This MCP server provides the following tools:

  • zotero_search_items: Search for items in your Zotero library using a text query
  • zotero_item_metadata: Get detailed metadata information about a specific Zotero item
  • zotero_item_fulltext: Get the full text of a specific Zotero item (i.e. PDF contents)

These can be discovered and accessed through any MCP client or through the MCP Inspector.

Each tool returns formatted text containing relevant information from your Zotero items, and AI assistants such as Claude can use them sequentially, searching for items then retrieving their metadata or text content.

Installation

This server can either run against either a local API offered by the Zotero desktop application) or through the Zotero Web API. The local API can be a bit more responsive, but requires that the Zotero app be running on the same computer with the API enabled. To enable the local API, do the following steps:

  1. Open Zotero and open "Zotero Settings"
  2. Under the "Advanced" tab, check the box that says "Allow other applications on this computer to communicate with Zotero".

[!IMPORTANT] For access to the /fulltext endpoint on the local API which allows retrieving the full content of items in your library, you'll need to install a Zotero Beta Build (as of 2025-03-30). Once 7.1 is released this will no longer be the case. See https://github.com/zotero/zotero/pull/5004 for more information. If you do not want to do this, use the Web API instead.

To use the Zotero Web API, you'll need to create an API key and find your Library ID (usually your User ID) in your Zotero account settings here: https://www.zotero.org/settings/keys

These are the available configuration options:

  • ZOTERO_LOCAL=true: Use the local Zotero API (default: false, see note below)
  • ZOTERO_API_KEY: Your Zotero API key (not required for the local API)
  • ZOTERO_LIBRARY_ID: Your Zotero library ID (your user ID for user libraries, not required for the local API)
  • ZOTERO_LIBRARY_TYPE: The type of library (user or group, default: user)

uvx with Local Zotero API

To use this with Claude Desktop and a direct python install with uvx, add the following to the mcpServers configuration:

{
  "mcpServers": {
    "zotero": {
      "command": "uvx",
      "args": ["--upgrade", "zotero-mcp"],
      "env": {
        "ZOTERO_LOCAL": "true",
        "ZOTERO_API_KEY": "",
        "ZOTERO_LIBRARY_ID": ""
      }
    }
  }
}

The --upgrade flag is optional and will pull the latest version when new ones are available. If you don't have uvx installed you can use pipx run instead, or clone this repository locally and use the instructions in Development below.

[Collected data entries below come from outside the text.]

text \<open>Z^3: cochains in C^3 whose coboundary (sum of the coboundaries of the even and odd
 components, extended linearly; determined by its values on homogeneous arguments) vanishes\<close>
definition Z3 :: "('k::field \<Rightarrow> 'v::ab_group_add \<Rightarrow> 'v) \<Rightarrow> 'v set \<Rightarrow> 'v set \<Rightarrow> 'k
    \<Rightarrow> ('v \<Rightarrow> 'v \<Rightarrow> 'v \<Rightarrow> 'v) \<Rightarrow> ('v \<Rightarrow> 'v \<Rightarrow> 'v \<Rightarrow> 'v) set" where
  "Z3 sc T0 T1 \<delta> br = {f. C3 sc T0 T1 \<delta> f \<and>
     (\<forall>d1 d2 d3 d4 d5 x1 x2 x3 x4 x5. x1 \<in> hom T0 T1 d1 \<longrightarrow> x2 \<in> hom T0 T1 d2 \<longrightarrow>
        x3 \<in> hom T0 T1 d3 \<longrightarrow> x4 \<in> hom T0 T1 d4 \<longrightarrow> x5 \<in> hom T0 T1 d5 \<longrightarrow>
        d3hom sc br \<delta> (comp3 T0 T1 f 0) 0 x1 d1 x2 d2 x3 d3 x4 d4 x5 d5
      + d3hom sc br \<delta> (comp3 T0 T1 f 1) 1 x1 d1 x2 d2 x3 d3 x4 d4 x5 d5 = 0)}"

text \<open>B^3 = d^1 C^1: trilinear maps agreeing (on homogeneous arguments, hence everywhere)
 with d^1 g for some linear g\<close>
definition B3 :: "('k::field \<Rightarrow> 'v::ab_group_add \<Rightarrow> 'v) \<Rightarrow> 'v set \<Rightarrow> 'v set \<Rightarrow> 'k
    \<Rightarrow> ('v \<Rightarrow> 'v \<Rightarrow> 'v \<Rightarrow> 'v) \<Rightarrow> ('v \<Rightarrow> 'v \<Rightarrow> 'v \<Rightarrow> 'v) set" where
  "B3 sc T0 T1 \<delta> br = {f. trilinear sc f \<and> (\<exists>g. Vector_Spaces.linear sc sc g \<and>
     (\<forall>d1 d2 d3 x1 x2 x3. x1 \<in> hom T0 T1 d1 \<longrightarrow> x2 \<in> hom T0 T1 d2 \<longrightarrow> x3 \<in> hom T0 T1 d3 \<longrightarrow>
        f x1 x2 x3 = d1hom sc br \<delta> (comp1 T0 T1 g 0) 0 x1 d1 x2 d2 x3 d3
                   + d1hom sc br \<delta> (comp1 T0 T1 g 1) 1 x1 d1 x2 d2 x3 d3))}"

definition H3_zero :: "('k::field \<Rightarrow> 'v::ab_group_add \<Rightarrow> 'v) \<Rightarrow> 'v set \<Rightarrow> 'v set \<Rightarrow> 'k
    \<Rightarrow> ('v \<Rightarrow> 'v \<Rightarrow> 'v \<Rightarrow> 'v) \<Rightarrow> bool" where
  "H3_zero sc T0 T1 \<delta> br \<longleftrightarrow> Z3 sc T0 T1 \<delta> br \<subseteq> B3 sc T0 T1 \<delta> br"

definition ps_add :: "(nat \<Rightarrow> 'v::ab_group_add) \<Rightarrow> (nat \<Rightarrow> 'v) \<Rightarrow> nat \<Rightarrow> 'v" where
  "ps_add a b = (\<lambda>n. a n + b n)"

definition ps_scale :: "('k \<Rightarrow> 'v \<Rightarrow> 'v) \<Rightarrow> 'k \<Rightarrow> (nat \<Rightarrow> 'v) \<Rightarrow> nat \<Rightarrow> 'v" where
  "ps_scale sc s a = (\<lambda>n. sc s (a n))"

definition ps_hom :: "'v set \<Rightarrow> 'v set \<Rightarrow> nat \<Rightarrow> (nat \<Rightarrow> 'v) set" where
  "ps_hom T0 T1 d = {a. \<forall>n. a n \<in> hom T0 T1 d}"

text \<open>K[[t]]-trilinear extension of f_t = sum f_i t^i to T[[t]]\<close>
definition ps_prod :: "(nat \<Rightarrow> 'v \<Rightarrow> 'v \<Rightarrow> 'v \<Rightarrow> 'v::ab_group_add)
    \<Rightarrow> (nat \<Rightarrow> 'v) \<Rightarrow> (nat \<Rightarrow> 'v) \<Rightarrow> (nat \<Rightarrow> 'v) \<Rightarrow> nat \<Rightarrow> 'v" where
  "ps_prod f a b c = (\<lambda>n. \<Sum>i\<le>n. \<Sum>j\<le>n - i. \<Sum>k\<le>n - i - j.
      f i (a j) (b k) (c (n - i - j - k)))"
theorem lemma2:
  fixes M :: "nat \<Rightarrow> 'a measure"
    and Sx :: "'x measure"
    and L :: "nat \<Rightarrow> (real \<times> 'x) measure"
    and Xs :: "nat \<Rightarrow> 'x set"
    and k :: "nat \<Rightarrow> nat"
    and p :: "nat \<Rightarrow> nat \<Rightarrow> 'x \<Rightarrow> real"
    and Y :: "nat \<Rightarrow> nat \<Rightarrow> 'a \<Rightarrow> real"
    and X :: "nat \<Rightarrow> nat \<Rightarrow> 'a \<Rightarrow> 'x"
    and eta :: "nat \<Rightarrow> nat \<Rightarrow> 'a \<Rightarrow> real"
    and b q :: real
    and B :: "nat \<Rightarrow> real"
  assumes prob: "\<And>n. prob_space (M n)"
    and data_meas: "\<And>n i. i < n \<Longrightarrow> (\<lambda>w. (Y n i w, X n i w)) \<in> measurable (M n) (borel \<Otimes>\<^sub>M Sx)"
    and data_law: "\<And>n i. i < n \<Longrightarrow> distr (M n) (borel \<Otimes>\<^sub>M Sx) (\<lambda>w. (Y n i w, X n i w)) = L n"
    and eta_meas: "\<And>n i. i < n \<Longrightarrow> eta n i \<in> borel_measurable (M n)"
    and eta_rad1: "\<And>n i. i < n \<Longrightarrow> measure (M n) {w \<in> space (M n). eta n i w = 1} = 1/2"
    and eta_rad2: "\<And>n i. i < n \<Longrightarrow> measure (M n) {w \<in> space (M n). eta n i w = -1} = 1/2"
    and indep_obs: "\<And>n. prob_space.indep_vars (M n) (\<lambda>i. (borel \<Otimes>\<^sub>M Sx) \<Otimes>\<^sub>M borel)
                      (\<lambda>i w. ((Y n i w, X n i w), eta n i w)) {..<n}"
    and indep_eta: "\<And>n i. i < n \<Longrightarrow>
                      distr (M n) ((borel \<Otimes>\<^sub>M Sx) \<Otimes>\<^sub>M borel) (\<lambda>w. ((Y n i w, X n i w), eta n i w))
                      = L n \<Otimes>\<^sub>M distr (M n) borel (eta n i)"
    and support: "\<And>n. AE z in L n. snd z \<in> Xs n"
    and k2: "\<And>n. k n \<ge> 2"
    and p_meas: "\<And>n j. j < k n \<Longrightarrow> p n j \<in> borel_measurable Sx"
    and int_pp: "\<And>n j l. j < k n \<Longrightarrow> l < k n \<Longrightarrow>
                   integrable (L n) (\<lambda>z. p n j (snd z) * p n l (snd z))"
    and int_ww: "\<And>n j l. j < k n \<Longrightarrow> l < k n \<Longrightarrow>
                   integrable (L n) (\<lambda>z. vec_index (omega (L n) (k n) (p n) z) j
                                        * vec_index (omega (L n) (k n) (p n) z) l)"
    and eig_a: "\<exists>c C. 0 < c \<and> (\<forall>n e. (eigenvalue (Omega (L n) (k n) (p n)) e
                                        \<or> eigenvalue (gram (L n) (k n) (p n)) e)
                                       \<longrightarrow> c \<le> e \<and> e \<le> C)"
    and b_pos: "b > 0"
    and q_ge: "q \<ge> 4"
    and B_ge: "\<And>n. B n \<ge> 1"
    and Y2: "\<And>n. integrable (L n) (\<lambda>z. (fst z)\<^sup>2)"
    and mom_low: "\<And>n j. j < k n \<Longrightarrow>
        (\<integral>\<^sup>+ z. ennreal ((row (inv_sqrt_mat (Omega (L n) (k n) (p n))) j
                              \<bullet> omega (L n) (k n) (p n) z)\<^sup>2) \<partial>L n) \<ge> ennreal b"
    and mom_up: "\<And>n j \<kappa>. j < k n \<Longrightarrow> \<kappa> \<in> {1, 2} \<Longrightarrow>
        (\<integral>\<^sup>+ z. ennreal (\<bar>row (inv_sqrt_mat (Omega (L n) (k n) (p n))) j
                              \<bullet> omega (L n) (k n) (p n) z\<bar> ^ (2 + \<kappa>)) \<partial>L n) \<le> ennreal (B n ^ \<kappa>)"
    and mom_q: "\<And>n. (\<integral>\<^sup>+ z. ennreal ((Max ((\<lambda>j. \<bar>row (inv_sqrt_mat (Omega (L n) (k n) (p n))) j
                              \<bullet> omega (L n) (k n) (p n) z\<bar>) ` {..<k n})) powr q) \<partial>L n)
                   \<le> ennreal (B n powr q)"
    and rate1: "(\<lambda>n. (B n)\<^sup>2 * (ln (real (n * k n))) ^ 7 / real n) \<longlonglongrightarrow> 0"
    and rate2: "(\<lambda>n. (B n)\<^sup>2 * (ln (real (n * k n))) ^ 3 / real n powr (1 - 2 / q)) \<longlonglongrightarrow> 0"
  shows "\<forall>\<epsilon>>0. \<exists>C>0. \<exists>N. \<forall>n\<ge>N.
           measure (M n) {w \<in> space (M n).
             ereal C * xi (Xs n) (k n) (p n) <
             ereal (sqrt (real n) *
               max (vnorm2 (vec (k n) (\<lambda>j. (\<Sum>i<n. (eta n i w + 1)
                          * vec_index (omega (L n) (k n) (p n) (Y n i w, X n i w)) j) / real n)))
                   (vnorm2 (vec (k n) (\<lambda>j. (\<Sum>i<n.
                          vec_index (omega (L n) (k n) (p n) (Y n i w, X n i w)) j) / real n))))}
           < \<epsilon>"
proof -
  obtain c c' where c: "0 < c" and eig: "\<And>n e. eigenvalue (Omega (L n) (k n) (p n)) e
      \<or> eigenvalue (gram (L n) (k n) (p n)) e \<Longrightarrow> c \<le> e \<and> e \<le> c'"
    using eig_a by blast
  define event where "event C n = {w \<in> space (M n).
      ereal C * xi (Xs n) (k n) (p n) <
      ereal (sqrt (real n) *
        max (vnorm2 (vec (k n) (\<lambda>j. (\<Sum>i<n. (eta n i w + 1)
                   * omega (L n) (k n) (p n) (Y n i w, X n i w) $ j) / real n)))
            (vnorm2 (vec (k n) (\<lambda>j. (\<Sum>i<n.
                   omega (L n) (k n) (p n) (Y n i w, X n i w) $ j) / real n))))}" for C n
  have bound: "measure (M n) (event C n) \<le> 5 * (c' / c) / C\<^sup>2" if n: "1 \<le> n" and C: "0 < C" for n C
  proof -
    have L: "L n = distr (M n) (borel \<Otimes>\<^sub>M Sx) (\<lambda>w. (Y n 0 w, X n 0 w))"
      using data_law[of 0 n] n by simp
    have "prob_space (L n)"
      unfolding L using prob_space.prob_space_distr[OF prob data_meas[of 0 n]] n by simp
    then have "series_regression (L n) Sx (k n) (p n)"
    proof (rule series_regression.intro)
      show "sets (L n) = sets (borel \<Otimes>\<^sub>M Sx)" unfolding L by simp
      show "\<not> eigenvalue (gram (L n) (k n) (p n)) 0" using eig[of n 0] c by auto
      show "integrable (L n) (\<lambda>z. (omega (L n) (k n) (p n) z $ j)\<^sup>2)" if "j < k n" for j
        using int_ww[OF that that] by (simp add: power2_eq_square)
    qed (use p_meas int_pp Y2 in auto)
    then interpret rademacher_sample "L n" Sx "k n" "p n" "M n" n "Y n" "X n" "eta n"
      by (intro rademacher_sample.intro rademacher_sample_axioms.intro prob)
        (use data_meas data_law eta_meas eta_rad1 eta_rad2 indep_obs indep_eta in auto)
    have k: "0 < k n" using k2[of n] by simp
    note ratio = trace_mat_Omega_divide_gram_le[where L = "L n" and p = "p n", OF k c eig[of n]]
    have "measure (M n) (event C n)
        \<le> 5 * (trace_mat (Omega (L n) (k n) (p n)) / trace_mat (gram (L n) (k n) (p n))) / C\<^sup>2"
      unfolding event_def using n C support ratio(1) by (intro prob_scaled_sample_means_gt_le) auto
    also have "\<dots> \<le> 5 * (c' / c) / C\<^sup>2"
      using ratio(2) by (intro divide_right_mono mult_left_mono) auto
    finally show ?thesis .
  qed
  have "\<forall>\<epsilon>>0. \<exists>C>0. \<exists>N. \<forall>n\<ge>N. measure (M n) (event C n) < \<epsilon>"
  proof (intro allI impI)
    fix \<epsilon> :: real assume "0 < \<epsilon>"
    then obtain C where "0 < C" and "5 * (c' / c) / C\<^sup>2 < \<epsilon>"
      by (rule exists_pos_divide_square_less)
    with bound show "\<exists>C>0. \<exists>N. \<forall>n\<ge>N. measure (M n) (event C n) < \<epsilon>"
      by (intro exI[of _ C] conjI exI[of _ 1] allI impI) (auto intro: le_less_trans)
  qed
  then show ?thesis unfolding event_def .
qed
(* Let $k\ge 4$ be even, $1\le s\le k-1$, and let $G$ be a $k$-uniform $s$-cycle which is not regular. Then $G$ is odd-bipartite.
   Context: A $k$-uniform $s$-cycle with $m$ edges has vertex set $\mathbb{Z}_n$, $n=m(k-s)$ (vertex $n+i$ identified with $i$), and edges $e_j=\{j(k-s)+1,\ldots,j(k-s)+k\}$, $j=0,\ldots,m-1$; it is assumed that $n\ge 2k-s$. A hypergraph is regular if all vertex degrees (numbers of edges containing the vertex) are equal. A $k$-uniform hypergraph with $k$ even and vertex set $V$ is odd-bipartite if either it has no edges or there is a partition $V=V_1\cup V_2$ with $V_1,V_2\ne\emptyset$ such that every edge intersects $V_1$ in an odd number of vertices. *)

theory Defs
  imports Main
begin

text \<open>Vertices of the k-uniform s-cycle with m edges: Z_n with n = m(k-s),
  represented as {0..<n} (vertex n identified with 0).\<close>

definition scycle_vertices :: "nat \<Rightarrow> nat \<Rightarrow> nat \<Rightarrow> nat set" where
  "scycle_vertices k s m = {0..<m * (k - s)}"

definition scycle_edge :: "nat \<Rightarrow> nat \<Rightarrow> nat \<Rightarrow> nat \<Rightarrow> nat set" where
  "scycle_edge k s m j = {(j * (k - s) + i) mod (m * (k - s)) | i. i \<in> {1..k}}"

definition scycle_edges :: "nat \<Rightarrow> nat \<Rightarrow> nat \<Rightarrow> nat set set" where
  "scycle_edges k s m = scycle_edge k s m ` {0..<m}"

definition degree :: "'a set set \<Rightarrow> 'a \<Rightarrow> nat" where
  "degree E v = card {e \<in> E. v \<in> e}"

definition hg_regular :: "'a set \<Rightarrow> 'a set set \<Rightarrow> bool" where
  "hg_regular V E \<longleftrightarrow> (\<forall>u\<in>V. \<forall>v\<in>V. degree E u = degree E v)"

definition odd_bipartite :: "'a set \<Rightarrow> 'a set set \<Rightarrow> bool" where
  "odd_bipartite V E \<longleftrightarrow> E = {} \<or>
     (\<exists>V1 V2. V1 \<union> V2 = V \<and> V1 \<inter> V2 = {} \<and> V1 \<noteq> {} \<and> V2 \<noteq> {} \<and>
        (\<forall>e\<in>E. odd (card (e \<inter> V1))))"

end

theory Submission
  imports Defs "HOL-Number_Theory.Cong"
begin
lemma support_series_times_power:
  "finite A \<Longrightarrow> support_series A * (1 - fps_X) ^ card A = fps_X ^ card A"
proof (induction A rule: finite_induct)
  case empty
  have "support_series {} = 1"
    by (rule fps_ext) (simp add: support_series_def support_monomials_empty)
  then show ?case by simp
next
  case (insert v A)
  have "support_series (insert v A) = fps_X * support_series A + fps_X * support_series (insert v A)"
  proof (rule fps_ext)
    fix d
    show "support_series (insert v A) $ d
            = (fps_X * support_series A + fps_X * support_series (insert v A)) $ d"
      using insert.hyps by (cases d)
        (simp_all add: support_series_def support_monomials_0 card_support_monomials_Suc)
  qed
  then have "support_series (insert v A) * (1 - fps_X) = fps_X * support_series A"
    by (simp add: algebra_simps)
  then have "support_series (insert v A) * (1 - fps_X) ^ card (insert v A)
               = fps_X * (support_series A * (1 - fps_X) ^ card A)"
    using insert.hyps by (simp add: mult_ac)
  then show ?case using insert.hyps insert.IH by simp
qed

definition indep_sets :: "'a set \<Rightarrow> 'a set set \<Rightarrow> 'a set set" where
  "indep_sets V E = {A. indep_set V E A}"

lemma finite_indep_sets: "finite V \<Longrightarrow> finite (indep_sets V E)"
  by (rule finite_subset[of _ "Pow V"]) (auto simp: indep_sets_def indep_set_def)

lemma indep_set_finite: "finite V \<Longrightarrow> indep_set V E A \<Longrightarrow> finite A"
  by (auto simp: indep_set_def intro: finite_subset)

lemma card_le_indep_number:
  assumes "finite V" and "indep_set V E A"
  shows "card A \<le> indep_number V E"
  unfolding indep_number_def
  using assms finite_indep_sets[OF assms(1), of E] by (intro Max_ge) (auto simp: indep_sets_def)

lemma std_monomials_eq_UN:
  assumes "finite V"
  shows "std_monomials V E d = (\<Union>A\<in>indep_sets V E. support_monomials A d)"
proof (intro equalityI subsetI)
  fix a assume "a \<in> std_monomials V E d"
  then have a: "\<forall>v. v \<notin> V \<longrightarrow> a v = 0" "sum a V = d" "indep_set V E {v. 0 < a v}"
    by (auto simp: std_monomials_def)
  have "sum a {v. 0 < a v} = sum a V"
    using a(3) by (intro sum.mono_neutral_left[OF assms]) (auto simp: indep_set_def)
  with a show "a \<in> (\<Union>A\<in>indep_sets V E. support_monomials A d)"
    by (auto simp: indep_sets_def support_monomials_def)
next
  fix a assume "a \<in> (\<Union>A\<in>indep_sets V E. support_monomials A d)"
  then obtain A where A: "indep_set V E A" "\<forall>x. 0 < a x \<longleftrightarrow> x \<in> A" "sum a A = d"
    by (auto simp: indep_sets_def support_monomials_def)
  then have "A \<subseteq> V" "{v. 0 < a v} = A" by (auto simp: indep_set_def)
  moreover have "sum a A = sum a V"
    using A(2) \<open>A \<subseteq> V\<close> by (intro sum.mono_neutral_left[OF assms]) auto
  ultimately show "a \<in> std_monomials V E d"
    using A by (auto simp: std_monomials_def)
qed

lemma hilbert_series_eq_sum_indep_sets:
  assumes "finite V"
  shows "hilbert_series V E = (\<Sum>A\<in>indep_sets V E. support_series A)"
proof (rule fps_ext)
  fix d
  have "\<forall>A\<in>indep_sets V E. finite (support_monomials A d)"
    using assms by (auto simp: indep_sets_def intro: finite_support_monomials indep_set_finite)
  moreover have "\<forall>A\<in>indep_sets V E. \<forall>B\<in>indep_sets V E. A \<noteq> B \<longrightarrow>
                   support_monomials A d \<inter> support_monomials B d = {}"
    by (auto simp: support_monomials_def)
  ultimately have "hilbert_fun V E d = (\<Sum>A\<in>indep_sets V E. card (support_monomials A d))"
    unfolding hilbert_fun_def std_monomials_eq_UN[OF assms]
    by (intro card_UN_disjoint finite_indep_sets assms)
  then show "hilbert_series V E $ d = (\<Sum>A\<in>indep_sets V E. support_series A) $ d"
    by (simp add: hilbert_series_def support_series_def fps_sum_nth)
qed

lemma fps_of_poly_one_minus_X: "fps_of_poly [:1, -1:] = (1 - fps_X :: int fps)"
  by (rule fps_ext) (auto simp: coeff_pCons split: nat.split)

lemma h_poly_eq_sum_indep_sets:
  assumes "finite V"
  shows "h_poly V E = (\<Sum>A\<in>indep_sets V E.
           monom 1 (card A) * [:1, -1:] ^ (indep_number V E - card A))"
    (is "_ = ?h")
proof -
  let ?\<alpha> = "indep_number V E"
  have "hilbert_series V E * (1 - fps_X) ^ ?\<alpha>
          = (\<Sum>A\<in>indep_sets V E. support_series A * (1 - fps_X) ^ ?\<alpha>)"
    by (simp add: hilbert_series_eq_sum_indep_sets[OF assms] sum_distrib_right)
  also have "\<dots> = (\<Sum>A\<in>indep_sets V E. fps_X ^ card A * (1 - fps_X) ^ (?\<alpha> - card A))"
  proof (rule sum.cong)
    fix A assume "A \<in> indep_sets V E"
    then have "card A \<le> ?\<alpha>" "finite A"
      using assms by (auto simp: indep_sets_def card_le_indep_number indep_set_finite)
    then show "support_series A * (1 - fps_X) ^ ?\<alpha> = fps_X ^ card A * (1 - fps_X) ^ (?\<alpha> - card A)"
      by (metis (no_types) le_add_diff_inverse mult.assoc power_add support_series_times_power)
  qed simp
  also have "\<dots> = fps_of_poly ?h"
    by (simp add: fps_of_poly_sum fps_of_poly_mult fps_of_poly_power fps_of_poly_monom'
        fps_of_poly_one_minus_X)
  finally show ?thesis
    unfolding h_poly_def by (intro the_equality) (simp_all add: fps_of_poly_eq_iff)
qed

Docker with Zotero Web API

If you want to run this MCP server in a Docker container, you can use the following configuration, inserting your API key and library ID:

{
  "mcpServers": {
    "zotero": {
      "command": "docker",
      "args": [
        "run",
        "--rm",
        "-i",
        "-e", "ZOTERO_API_KEY=PLACEHOLDER",
        "-e", "ZOTERO_LIBRARY_ID=PLACEHOLDER",
        "ghcr.io/kujenga/zotero-mcp:main"
      ],
    }
  }
}

To update to a newer version, run docker pull ghcr.io/kujenga/zotero-mcp:main. It is also possible to use the docker-based installation to talk to the local Zotero API, but you'll need to modify the above command to ensure that there is network connectivity to the Zotero application's local API interface.

Development

Information on making changes and contributing to the project.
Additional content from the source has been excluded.